Turkey has been criticized after terrorist investigations of abortions
Health professionals in Turkey hit out after security services demanded lists of all women who had abortions in Istanbul between January 2017 and May 2019 as part of a "terrorist investigation."
Istanbul Security Directorate demanded confidential information by September 13 in a letter sent to every public and private hospital throughout the city.
The letter pressured health professionals to hand over the names of women between the ages of 30 and 40 with poly-cystic ovary syndrome, as well as those who were terminated.
The Turkish police claimed that the information was necessary as part of ongoing investigations into the membership of armed terrorist organizations, bribery and "insulting the president and state sheikhs".
People’s Democratic Party (HDP) MP for Ankara Star Filiz Kerestecioglu said the move was an attempt to blacklist women.
"What does this have to do with terrorism? How will PCOS or abortion be linked to insulting a president or membership of a Feto, the organisation of exiled cleric Fethullah Gulen?” she asked.
Under Turkish law, information relating to health and sexuality falls within the scope of "personal quality data".
This information is confidential and can only be provided under certain circumstances.
Personal data relate to political, philosophical, religious or ethnic views.
Illegal recording of this information can result in imprisonment or one to three years.
However, if the punishment is linked to illegal moral tendencies, sexuality, health conditions or trade union ties, the penalty provided for in the first paragraph should be increased by half.

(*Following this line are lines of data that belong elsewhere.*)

lemma ex_majority_nsd_matrix_3_even_odd:
  assumes "even n" "2 \<le> n" "2 \<le> m" "m = n + 1 \<or> n = m + 1"
  shows "\<exists>M. majority_nsd_matrix 3 n m M"
proof (cases "n = 2")
  case True
  then have "m = 3" using assms(3,4) by auto
  then show ?thesis using True majority_nsd_matrix_2_3 by blast
next
  case False
  then have "2 \<le> n div 2" "n div 2 \<le> m div 2 + 1" using assms by presburger+
  moreover have "n = 2 * (n div 2)" "m = 2 * (m div 2) + 1" using assms by presburger+
  ultimately show ?thesis using majority_nsd_matrix_paired by metis
qed

lemma ex_majority_nsd_matrix_3:
  assumes "2 \<le> n" "2 \<le> m" "odd n \<or> odd m" "\<not> (n = 3 \<and> m = 3)" "\<not> (n = 5 \<and> m = 5)"
  shows "\<exists>M. majority_nsd_matrix 3 n m M"
proof -
  consider "n = m" | "n + 2 \<le> m \<or> m + 2 \<le> n" | "m = n + 1 \<or> n = m + 1"
    by linarith
  then show ?thesis
  proof cases
    case 1
    then have "3 \<le> n div 2" "n = n div 2 + Suc (n div 2)" "m = n"
      using assms by presburger+
    then show ?thesis using majority_nsd_matrix_odd_square by metis
  next
    case 2
    then show ?thesis using majority_nsd_matrix_cyclic_3 assms(1,2) by blast
  next
    case 3
    show ?thesis
    proof (cases "even n")
      case True
      then show ?thesis using ex_majority_nsd_matrix_3_even_odd assms(1,2) 3 by blast
    next
      case False
      then have "even m" using 3 by presburger
      then obtain M where "majority_nsd_matrix 3 m n M"
        using ex_majority_nsd_matrix_3_even_odd assms(1,2) 3 by blast
      then show ?thesis using majority_nsd_matrix_transpose by blast
    qed
  qed
qed

theorem mainTheorem9:
  fixes n m :: nat
  assumes "n > 0" and "m > 0"
  shows "(even n \<and> even m \<longrightarrow>
            (n = 2 \<and> m = 2 \<longrightarrow> chi_mSigma (Knm_V n m) Knm_E = 4) \<and>
            (n = m \<and> n \<ge> 4 \<longrightarrow> chi_mSigma (Knm_V n m) Knm_E = 3) \<and>
            (n \<noteq> m \<longrightarrow> chi_mSigma (Knm_V n m) Knm_E = 2)) \<and>
         ((odd n \<or> odd m) \<and> n \<ge> 2 \<and> m \<ge> 2 \<longrightarrow>
            (n = 3 \<and> m = 3 \<longrightarrow> chi_mSigma (Knm_V n m) Knm_E = 5) \<and>
            (n = 5 \<and> m = 5 \<longrightarrow> chi_mSigma (Knm_V n m) Knm_E = 4) \<and>
            (\<not> (n = 3 \<and> m = 3) \<and> \<not> (n = 5 \<and> m = 5) \<longrightarrow> chi_mSigma (Knm_V n m) Knm_E = 3))"
proof (intro conjI impI)
  assume "n = 2 \<and> m = 2"
  then show "chi_mSigma (Knm_V n m) Knm_E = 4"
    using chi_mSigma_Knm_eqI[OF majority_nsd_matrix_2_2]
      no_majority_nsd_matrix_deficient[of 2 3 1] by simp
next
  assume "n = m \<and> 4 \<le> n" "even n \<and> even m"
  then show "chi_mSigma (Knm_V n m) Knm_E = 3"
    using ex_majority_nsd_matrix_3_even_square[of n] chi_mSigma_Knm_eqI[of 3 n m]
      majority_nsd_matrix_2_dims by fastforce
next
  assume "n \<noteq> m" "even n \<and> even m"
  then show "chi_mSigma (Knm_V n m) Knm_E = 2"
    using chi_mSigma_Knm_eqI[OF majority_nsd_matrix_cyclic_2]
      no_majority_nsd_matrix_1 assms by simp
next
  assume "n = 3 \<and> m = 3"
  then show "chi_mSigma (Knm_V n m) Knm_E = 5"
    using chi_mSigma_Knm_eqI[OF majority_nsd_matrix_3_3]
      no_majority_nsd_matrix_deficient[of 3 4 1] by simp
next
  assume "n = 5 \<and> m = 5"
  then show "chi_mSigma (Knm_V n m) Knm_E = 4"
    using chi_mSigma_Knm_eqI[OF majority_nsd_matrix_5_5]
      no_majority_nsd_matrix_deficient[of 5 3 2] by simp
next
  assume "(odd n \<or> odd m) \<and> 2 \<le> n \<and> 2 \<le> m" "\<not> (n = 3 \<and> m = 3) \<and> \<not> (n = 5 \<and> m = 5)"
  then show "chi_mSigma (Knm_V n m) Knm_E = 3"
    using ex_majority_nsd_matrix_3[of n m] chi_mSigma_Knm_eqI[of 3 n m]
      majority_nsd_matrix_2_dims assms by fastforce
qed

end
(* Let $T$ be an Aronszajn tree and let $G$ be a sparse $T$-graph with the following property: for every $t \in T$ there is a finite set $S_t \subseteq \{s \in T : s < t\}$ such that every $t' > t$ has all its down-neighbours (in $G$) that lie below $t$ inside $S_t$. Then the ray inflation $G \sharp \mathbb{N}$ witnesses that $\mathrm{HC}(\aleph_1)$ fails: it has an end $\varepsilon$ of degree $\aleph_1$ such that no set of $\aleph_1$ pairwise disjoint rays in $\varepsilon$ admits a connected ray graph in $G\sharp\mathbb{N}$.
   Context: An order tree is a partial order $(T,\le)$ with a unique minimal element (the root) in which every set $\lceil t\rceil=\{t' : t' \le t\}$ is well-ordered. The height of $t$ is the order type of $\{t' : t'<t\}$; the $i$-th level $T^i$ is the set of points of height $i$; a branch is a maximal chain. $t$ is a successor of $t'$ (and $t'$ its predecessor) if $t'<t$ with nothing strictly between; a point with no predecessor is a limit. An Aronszajn tree is an order tree of cardinality $\aleph_1$ all of whose branches and levels are countable. A $T$-graph is a graph $G$ with $V(G)=T$ such that the endvertices of every edge are comparable in $T$ and, for every $t$, the set of neighbours of $t$ below $t$ (its down-neighbours) is cofinal in $\{s : s<t\}$. $G$ is sparse if for every $t$ the set of down-neighbours of $t$ has order type $\mathrm{cf}(\{s : s<t\})$; for trees of height at most $\omega_1$ this means a successor's unique down-neighbour is its predecessor and the down-neighbours of a non-root limit form a cofinal $\omega$-sequence below it. For such $G$ (with $T$ of height at most $\omega_1$), the ray inflation $G\sharp\mathbb{N}$ has vertex set $T\times\mathbb{N}$ and edges: $(t,n)(t,n+1)$ for all $t,n$; $(t,n)(t',n)$ for all $n$ whenever $t$ is a successor with predecessor $t'$; and $(t,n)(t_n,n)$ for all $n$ whenever $t$ is a non-root limit with down-neighbours $t_0<t_1<t_2<\cdots$. A ray is a one-way infinite path; two rays are equivalent if joined by infinitely many disjoint paths; ends are equivalence classes; the degree of an end is the maximal cardinality of a set of disjoint rays in it. Given a set $\mathcal{R}$ of disjoint equivalent rays, a graph $H$ on $\mathcal{R}$ is a ray graph if there is a set $\mathcal{P}$ of independent paths (no inner vertex of one on another), each meeting $\bigcup\mathcal{R}$ exactly in its endvertices, such that for every edge $RS$ of $H$ there are infinitely many disjoint $R$--$S$ paths in $\mathcal{P}$. $\mathrm{HC}(\kappa)$ states that every end of degree $\kappa$ of every graph contains $\kappa$ disjoint rays admitting a connected ray graph. *)

theory Defs
  imports Main "HOL-Library.Countable_Set"
begin

definition has_card_aleph1 :: "'a set \<Rightarrow> bool" where
  "has_card_aleph1 A \<longleftrightarrow> (card_of A, cardSuc (card_of (UNIV :: nat set))) \<in> ordIso"

definition card_le_aleph1 :: "'a set \<Rightarrow> bool" where
  "card_le_aleph1 A \<longleftrightarrow> (card_of A, cardSuc (card_of (UNIV :: nat set))) \<in> ordLeq"

definition tlt :: "('a \<Rightarrow> 'a \<Rightarrow> bool) \<Rightarrow> 'a \<Rightarrow> 'a \<Rightarrow> bool" where
  "tlt le x y \<longleftrightarrow> le x y \<and> x \<noteq> y"

definition down_closed :: "'a set \<Rightarrow> ('a \<Rightarrow> 'a \<Rightarrow> bool) \<Rightarrow> 'a \<Rightarrow> 'a set" where
  "down_closed T le t = {s \<in> T. le s t}"

definition below :: "'a set \<Rightarrow> ('a \<Rightarrow> 'a \<Rightarrow> bool) \<Rightarrow> 'a \<Rightarrow> 'a set" where
  "below T le t = {s \<in> T. tlt le s t}"

definition order_tree :: "'a set \<Rightarrow> ('a \<Rightarrow> 'a \<Rightarrow> bool) \<Rightarrow> bool" where
  "order_tree T le \<longleftrightarrow>
     (\<forall>x\<in>T. le x x) \<and>
     (\<forall>x\<in>T. \<forall>y\<in>T. le x y \<and> le y x \<longrightarrow> x = y) \<and>
     (\<forall>x\<in>T. \<forall>y\<in>T. \<forall>z\<in>T. le x y \<and> le y z \<longrightarrow> le x z) \<and>
     (\<exists>!r\<in>T. \<not> (\<exists>s\<in>T. tlt le s r)) \<and>
     (\<forall>t\<in>T. (\<forall>x\<in>down_closed T le t. \<forall>y\<in>down_closed T le t. le x y \<or> le y x) \<and>
             (\<forall>A. A \<subseteq> down_closed T le t \<and> A \<noteq> {} \<longrightarrow> (\<exists>m\<in>A. \<forall>a\<in>A. le m a)))"

text \<open>The well-order on the strict down-set of t; its order type is the height of t.\<close>
definition below_rel :: "'a set \<Rightarrow> ('a \<Rightarrow> 'a \<Rightarrow> bool) \<Rightarrow> 'a \<Rightarrow> 'a rel" where
  "below_rel T le t = {(x, y). x \<in> below T le t \<and> y \<in> below T le t \<and> le x y}"

definition same_level :: "'a set \<Rightarrow> ('a \<Rightarrow> 'a \<Rightarrow> bool) \<Rightarrow> 'a \<Rightarrow> 'a \<Rightarrow> bool" where
  "same_level T le s t \<longleftrightarrow> (below_rel T le s, below_rel T le t) \<in> ordIso"

definition level_of :: "'a set \<Rightarrow> ('a \<Rightarrow> 'a \<Rightarrow> bool) \<Rightarrow> 'a \<Rightarrow> 'a set" where
  "level_of T le t = {s \<in> T. same_level T le s t}"

definition is_chain :: "'a set \<Rightarrow> ('a \<Rightarrow> 'a \<Rightarrow> bool) \<Rightarrow> 'a set \<Rightarrow> bool" where
  "is_chain T le C \<longleftrightarrow> C \<subseteq> T \<and> (\<forall>x\<in>C. \<forall>y\<in>C. le x y \<or> le y x)"

definition is_branch :: "'a set \<Rightarrow> ('a \<Rightarrow> 'a \<Rightarrow> bool) \<Rightarrow> 'a set \<Rightarrow> bool" where
  "is_branch T le C \<longleftrightarrow> is_chain T le C \<and> (\<forall>D. is_chain T le D \<and> C \<subseteq> D \<longrightarrow> D = C)"

definition aronszajn_tree :: "'a set \<Rightarrow> ('a \<Rightarrow> 'a \<Rightarrow> bool) \<Rightarrow> bool" where
  "aronszajn_tree T le \<longleftrightarrow> order_tree T le \<and> has_card_aleph1 T \<and>
     (\<forall>C. is_branch T le C \<longrightarrow> countable C) \<and>
     (\<forall>t\<in>T. countable (level_of T le t))"

definition is_pred :: "'a set \<Rightarrow> ('a \<Rightarrow> 'a \<Rightarrow> bool) \<Rightarrow> 'a \<Rightarrow> 'a \<Rightarrow> bool" where
  "is_pred T le p t \<longleftrightarrow> p \<in> T \<and> t \<in> T \<and> tlt le p t \<and> \<not> (\<exists>s\<in>T. tlt le p s \<and> tlt le s t)"

definition is_root :: "'a set \<Rightarrow> ('a \<Rightarrow> 'a \<Rightarrow> bool) \<Rightarrow> 'a \<Rightarrow> bool" where
  "is_root T le r \<longleftrightarrow> r \<in> T \<and> \<not> (\<exists>s\<in>T. tlt le s r)"

definition is_limit :: "'a set \<Rightarrow> ('a \<Rightarrow> 'a \<Rightarrow> bool) \<Rightarrow> 'a \<Rightarrow> bool" where
  "is_limit T le t \<longleftrightarrow> t \<in> T \<and> \<not> (\<exists>p. is_pred T le p t)"

definition down_nbrs :: "'a set \<Rightarrow> ('a \<Rightarrow> 'a \<Rightarrow> bool) \<Rightarrow> ('a \<Rightarrow> 'a \<Rightarrow> bool) \<Rightarrow> 'a \<Rightarrow> 'a set" where
  "down_nbrs T le G t = {s \<in> T. tlt le s t \<and> G s t}"

definition T_graph :: "'a set \<Rightarrow> ('a \<Rightarrow> 'a \<Rightarrow> bool) \<Rightarrow> ('a \<Rightarrow> 'a \<Rightarrow> bool) \<Rightarrow> bool" where
  "T_graph T le G \<longleftrightarrow>
     (\<forall>x y. G x y \<longrightarrow> x \<in> T \<and> y \<in> T) \<and>
     (\<forall>x y. G x y \<longrightarrow> G y x) \<and> (\<forall>x. \<not> G x x) \<and>
     (\<forall>x y. G x y \<longrightarrow> le x y \<or> le y x) \<and>
     (\<forall>t\<in>T. \<forall>s\<in>below T le t. \<exists>u\<in>down_nbrs T le G t. le s u)"

definition order_type_omega :: "'a set \<Rightarrow> ('a \<Rightarrow> 'a \<Rightarrow> bool) \<Rightarrow> 'a set \<Rightarrow> bool" where
  "order_type_omega T le D \<longleftrightarrow> is_chain T le D \<and> infinite D \<and>
     (\<forall>d\<in>D. finite {e \<in> D. tlt le e d})"

text \<open>Sparseness for trees of height at most omega_1.\<close>
definition sparse_T_graph :: "'a set \<Rightarrow> ('a \<Rightarrow> 'a \<Rightarrow> bool) \<Rightarrow> ('a \<Rightarrow> 'a \<Rightarrow> bool) \<Rightarrow> bool" where
  "sparse_T_graph T le G \<longleftrightarrow> T_graph T le G \<and>
     (\<forall>t\<in>T. \<forall>p. is_pred T le p t \<longrightarrow> down_nbrs T le G t = {p}) \<and>
     (\<forall>t\<in>T. is_limit T le t \<and> \<not> is_root T le t \<longrightarrow> order_type_omega T le (down_nbrs T le G t))"

text \<open>The n-th down-neighbour t_n of a limit t (counting from 0 in increasing order).\<close>
definition nth_down_nbr :: "'a set \<Rightarrow> ('a \<Rightarrow> 'a \<Rightarrow> bool) \<Rightarrow> ('a \<Rightarrow> 'a \<Rightarrow> bool) \<Rightarrow> 'a \<Rightarrow> nat \<Rightarrow> 'a" where
  "nth_down_nbr T le G t n =
     (THE s. s \<in> down_nbrs T le G t \<and> card {e \<in> down_nbrs T le G t. tlt le e s} = n)"

definition inflation_base :: "'a set \<Rightarrow> ('a \<Rightarrow> 'a \<Rightarrow> bool) \<Rightarrow> ('a \<Rightarrow> 'a \<Rightarrow> bool) \<Rightarrow>
    'a \<times> nat \<Rightarrow> 'a \<times> nat \<Rightarrow> bool" where
  "inflation_base T le G x y \<longleftrightarrow>
     (\<exists>t n. t \<in> T \<and> x = (t, n) \<and> y = (t, Suc n)) \<or>
     (\<exists>t t' n. is_pred T le t' t \<and> x = (t, n) \<and> y = (t', n)) \<or>
     (\<exists>t n. is_limit T le t \<and> \<not> is_root T le t \<and> x = (t, n) \<and> y = (nth_down_nbr T le G t n, n))"

definition ray_inflation :: "'a set \<Rightarrow> ('a \<Rightarrow> 'a \<Rightarrow> bool) \<Rightarrow> ('a \<Rightarrow> 'a \<Rightarrow> bool) \<Rightarrow>
    'a \<times> nat \<Rightarrow> 'a \<times> nat \<Rightarrow> bool" where
  "ray_inflation T le G x y \<longleftrightarrow> inflation_base T le G x y \<or> inflation_base T le G y x"

definition is_path :: "'v set \<Rightarrow> ('v \<Rightarrow> 'v \<Rightarrow> bool) \<Rightarrow> 'v list \<Rightarrow> bool" where
  "is_path V adj p \<longleftrightarrow> p \<noteq> [] \<and> distinct p \<and> set p \<subseteq> V \<and>
     (\<forall>i. Suc i < length p \<longrightarrow> adj (p ! i) (p ! Suc i))"

definition is_ray :: "'v set \<Rightarrow> ('v \<Rightarrow> 'v \<Rightarrow> bool) \<Rightarrow> (nat \<Rightarrow> 'v) \<Rightarrow> bool" where
  "is_ray V adj r \<longleftrightarrow> inj r \<and> range r \<subseteq> V \<and> (\<forall>n. adj (r n) (r (Suc n)))"

definition AB_path :: "'v set \<Rightarrow> ('v \<Rightarrow> 'v \<Rightarrow> bool) \<Rightarrow> 'v set \<Rightarrow> 'v set \<Rightarrow> 'v list \<Rightarrow> bool" where
  "AB_path V adj A B p \<longleftrightarrow> is_path V adj p \<and> set p \<inter> A = {hd p} \<and> set p \<inter> B = {last p}"

definition disjoint_paths :: "'v list set \<Rightarrow> bool" where
  "disjoint_paths P \<longleftrightarrow> (\<forall>p\<in>P. \<forall>q\<in>P. p \<noteq> q \<longrightarrow> set p \<inter> set q = {})"

definition rays_equiv :: "'v set \<Rightarrow> ('v \<Rightarrow> 'v \<Rightarrow> bool) \<Rightarrow> (nat \<Rightarrow> 'v) \<Rightarrow> (nat \<Rightarrow> 'v) \<Rightarrow> bool" where
  "rays_equiv V adj R S \<longleftrightarrow> is_ray V adj R \<and> is_ray V adj S \<and>
     (\<exists>P. infinite P \<and> disjoint_paths P \<and> (\<forall>p\<in>P. AB_path V adj (range R) (range S) p))"

definition is_end :: "'v set \<Rightarrow> ('v \<Rightarrow> 'v \<Rightarrow> bool) \<Rightarrow> (nat \<Rightarrow> 'v) set \<Rightarrow> bool" where
  "is_end V adj \<epsilon> \<longleftrightarrow> (\<exists>R. is_ray V adj R \<and> \<epsilon> = {S. rays_equiv V adj R S})"

definition disjoint_rays :: "'v set \<Rightarrow> ('v \<Rightarrow> 'v \<Rightarrow> bool) \<Rightarrow> (nat \<Rightarrow> 'v) set \<Rightarrow> bool" where
  "disjoint_rays V adj \<R> \<longleftrightarrow> (\<forall>R\<in>\<R>. is_ray V adj R) \<and>
     (\<forall>R\<in>\<R>. \<forall>S\<in>\<R>. R \<noteq> S \<longrightarrow> range R \<inter> range S = {})"

definition end_degree_aleph1 :: "'v set \<Rightarrow> ('v \<Rightarrow> 'v \<Rightarrow> bool) \<Rightarrow> (nat \<Rightarrow> 'v) set \<Rightarrow> bool" where
  "end_degree_aleph1 V adj \<epsilon> \<longleftrightarrow>
     (\<exists>\<R>. \<R> \<subseteq> \<epsilon> \<and> disjoint_rays V adj \<R> \<and> has_card_aleph1 \<R>) \<and>
     (\<forall>\<R>. \<R> \<subseteq> \<epsilon> \<and> disjoint_rays V adj \<R> \<longrightarrow> card_le_aleph1 \<R>)"

definition inner_vertices :: "'v list \<Rightarrow> 'v set" where
  "inner_vertices p = set (butlast (tl p))"

definition independent_paths :: "'v list set \<Rightarrow> bool" where
  "independent_paths P \<longleftrightarrow> (\<forall>p\<in>P. \<forall>q\<in>P. p \<noteq> q \<longrightarrow> inner_vertices p \<inter> set q = {})"

definition is_ray_graph :: "'v set \<Rightarrow> ('v \<Rightarrow> 'v \<Rightarrow> bool) \<Rightarrow> (nat \<Rightarrow> 'v) set \<Rightarrow>
    ((nat \<Rightarrow> 'v) \<times> (nat \<Rightarrow> 'v)) set \<Rightarrow> bool" where
  "is_ray_graph V adj \<R> H \<longleftrightarrow>
     H \<subseteq> \<R> \<times> \<R> \<and> sym H \<and> (\<forall>R. (R, R) \<notin> H) \<and>
     (\<exists>P. (\<forall>p\<in>P. is_path V adj p \<and> set p \<inter> (\<Union>R\<in>\<R>. range R) = {hd p, last p}) \<and>
          independent_paths P \<and>
          (\<forall>(R, S)\<in>H. \<exists>Q\<subseteq>P. infinite Q \<and> disjoint_paths Q \<and>
              (\<forall>q\<in>Q. (hd q \<in> range R \<and> last q \<in> range S) \<or> (hd q \<in> range S \<and> last q \<in> range R))))"

definition connected_on :: "'b set \<Rightarrow> ('b \<times> 'b) set \<Rightarrow> bool" where
  "connected_on X H \<longleftrightarrow> X \<noteq> {} \<and> (\<forall>x\<in>X. \<forall>y\<in>X. (x, y) \<in> H\<^sup>*)"

definition admits_connected_ray_graph :: "'v set \<Rightarrow> ('v \<Rightarrow> 'v \<Rightarrow> bool) \<Rightarrow> (nat \<Rightarrow> 'v) set \<Rightarrow> bool" where
  "admits_connected_ray_graph V adj \<R> \<longleftrightarrow>
     (\<exists>H. is_ray_graph V adj \<R> H \<and> connected_on \<R> H)"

While abortion is legal in Turkey until the first 10 weeks of pregnancy, women face difficulties due in part to the country's strict moral and religious laws.
In 2012, thousands of women took to the streets to protest then-Prime Minister Recep Tayyip Erdogan's plans to introduce a restrictive law against abortion.
They chanted slogans, including "My Body, My Choice" after two silly speeches that abortion claimed to hinder Turkey's economic growth and described the measure as "murder."
Mr Erdogan insists that women should only exist in the domestic sphere, devoted to traditional roles such as cooking and other household chores.
The religious and social conservative believes that women with no children are failures and that families should have at least five children.
While abortion laws remain in force, if a woman is married, she must terminate the pregnancy.
Istanbul Medical Chamber has warned that the move would harm the relationship between patients and doctors.